(Records shown)
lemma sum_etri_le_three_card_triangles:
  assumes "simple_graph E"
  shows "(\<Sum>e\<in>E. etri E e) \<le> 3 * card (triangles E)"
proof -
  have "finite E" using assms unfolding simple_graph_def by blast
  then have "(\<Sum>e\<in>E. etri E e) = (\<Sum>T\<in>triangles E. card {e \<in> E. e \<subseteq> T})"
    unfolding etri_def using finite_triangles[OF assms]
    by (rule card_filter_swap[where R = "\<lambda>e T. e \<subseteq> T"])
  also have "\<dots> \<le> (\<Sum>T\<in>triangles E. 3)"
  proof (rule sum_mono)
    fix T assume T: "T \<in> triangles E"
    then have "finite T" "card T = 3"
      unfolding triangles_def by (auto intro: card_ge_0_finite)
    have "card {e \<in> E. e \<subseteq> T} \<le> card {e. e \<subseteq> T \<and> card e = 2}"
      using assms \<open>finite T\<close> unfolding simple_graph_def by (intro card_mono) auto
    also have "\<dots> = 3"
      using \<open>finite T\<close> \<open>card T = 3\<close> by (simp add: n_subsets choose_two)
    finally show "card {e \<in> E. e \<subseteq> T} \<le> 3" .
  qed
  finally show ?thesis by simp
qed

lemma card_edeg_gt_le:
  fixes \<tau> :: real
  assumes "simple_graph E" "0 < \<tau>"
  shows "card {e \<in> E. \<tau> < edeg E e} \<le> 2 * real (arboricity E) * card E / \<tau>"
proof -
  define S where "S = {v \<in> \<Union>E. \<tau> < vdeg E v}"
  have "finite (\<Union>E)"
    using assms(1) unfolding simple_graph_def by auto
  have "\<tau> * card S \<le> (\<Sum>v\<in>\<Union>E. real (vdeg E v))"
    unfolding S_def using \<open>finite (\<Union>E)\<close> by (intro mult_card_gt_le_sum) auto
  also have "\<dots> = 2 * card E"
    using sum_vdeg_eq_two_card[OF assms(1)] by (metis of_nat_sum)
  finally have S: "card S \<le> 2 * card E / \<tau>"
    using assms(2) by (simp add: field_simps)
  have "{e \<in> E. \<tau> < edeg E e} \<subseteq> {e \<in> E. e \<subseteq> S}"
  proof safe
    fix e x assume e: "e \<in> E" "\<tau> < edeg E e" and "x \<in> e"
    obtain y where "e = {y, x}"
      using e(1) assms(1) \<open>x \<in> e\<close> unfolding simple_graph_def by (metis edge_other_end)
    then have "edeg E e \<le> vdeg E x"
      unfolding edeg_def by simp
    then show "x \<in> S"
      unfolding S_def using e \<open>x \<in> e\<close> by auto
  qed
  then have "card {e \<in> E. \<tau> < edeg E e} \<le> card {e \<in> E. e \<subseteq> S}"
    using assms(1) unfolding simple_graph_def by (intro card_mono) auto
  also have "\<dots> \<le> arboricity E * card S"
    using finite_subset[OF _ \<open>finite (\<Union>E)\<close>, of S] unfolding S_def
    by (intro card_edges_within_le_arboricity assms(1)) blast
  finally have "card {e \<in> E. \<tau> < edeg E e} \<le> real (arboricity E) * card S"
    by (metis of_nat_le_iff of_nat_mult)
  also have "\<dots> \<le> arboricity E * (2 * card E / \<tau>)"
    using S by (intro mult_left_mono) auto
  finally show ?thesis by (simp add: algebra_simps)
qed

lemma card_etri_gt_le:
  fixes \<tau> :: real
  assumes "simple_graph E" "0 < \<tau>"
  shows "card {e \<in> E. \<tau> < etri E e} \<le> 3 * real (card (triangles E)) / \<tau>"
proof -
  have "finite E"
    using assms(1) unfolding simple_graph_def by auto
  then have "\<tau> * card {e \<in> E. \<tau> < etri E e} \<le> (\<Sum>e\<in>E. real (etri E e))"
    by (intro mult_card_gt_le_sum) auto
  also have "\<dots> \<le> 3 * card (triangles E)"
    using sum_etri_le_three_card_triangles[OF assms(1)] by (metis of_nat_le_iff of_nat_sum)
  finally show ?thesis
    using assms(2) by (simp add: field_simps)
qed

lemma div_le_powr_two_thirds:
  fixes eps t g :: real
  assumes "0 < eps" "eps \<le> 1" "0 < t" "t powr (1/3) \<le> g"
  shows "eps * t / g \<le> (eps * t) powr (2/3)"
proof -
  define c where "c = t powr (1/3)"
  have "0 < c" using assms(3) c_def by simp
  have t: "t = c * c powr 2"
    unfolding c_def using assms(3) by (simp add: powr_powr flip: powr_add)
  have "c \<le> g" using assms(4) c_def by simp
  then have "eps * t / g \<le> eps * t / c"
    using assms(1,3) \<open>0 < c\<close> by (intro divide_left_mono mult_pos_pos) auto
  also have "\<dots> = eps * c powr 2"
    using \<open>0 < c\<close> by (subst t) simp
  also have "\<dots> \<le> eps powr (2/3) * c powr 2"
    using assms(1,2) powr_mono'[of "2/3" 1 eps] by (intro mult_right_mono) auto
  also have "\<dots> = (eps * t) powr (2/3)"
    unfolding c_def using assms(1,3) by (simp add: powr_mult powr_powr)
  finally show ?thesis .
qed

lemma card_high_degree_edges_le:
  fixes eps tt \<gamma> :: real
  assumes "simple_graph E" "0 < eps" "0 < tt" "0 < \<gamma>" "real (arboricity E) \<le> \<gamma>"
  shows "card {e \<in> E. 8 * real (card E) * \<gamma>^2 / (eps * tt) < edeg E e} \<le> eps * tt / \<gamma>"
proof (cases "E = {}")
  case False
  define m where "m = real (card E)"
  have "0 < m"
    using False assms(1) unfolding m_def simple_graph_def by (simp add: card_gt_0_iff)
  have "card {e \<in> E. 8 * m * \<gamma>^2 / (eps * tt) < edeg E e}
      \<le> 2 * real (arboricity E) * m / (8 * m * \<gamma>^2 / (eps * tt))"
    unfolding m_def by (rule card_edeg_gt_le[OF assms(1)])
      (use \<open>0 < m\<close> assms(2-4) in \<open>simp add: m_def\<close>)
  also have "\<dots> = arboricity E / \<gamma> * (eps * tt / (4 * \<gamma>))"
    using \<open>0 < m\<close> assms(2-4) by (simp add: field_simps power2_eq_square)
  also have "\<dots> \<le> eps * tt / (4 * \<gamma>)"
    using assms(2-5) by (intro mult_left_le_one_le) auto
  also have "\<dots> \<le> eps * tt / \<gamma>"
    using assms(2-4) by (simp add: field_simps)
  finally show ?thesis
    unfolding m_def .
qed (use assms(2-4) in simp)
(End Records shown)
Exercise details: Return exactly the lines above from the line that has "unfolding S_def using e" through the line that has "arboricity E * card", inclusive, and nothing else.

Result of the exercise:
      unfolding S_def using e \<open>x \<in> e\<close> by auto
  qed
  then have "card {e \<in> E. \<tau> < edeg E e} \<le> card {e \<in> E. e \<subseteq> S}"
    using assms(1) unfolding simple_graph_def by (intro card_mono) auto
  also have "\<dots> \<le> arboricity E * card S"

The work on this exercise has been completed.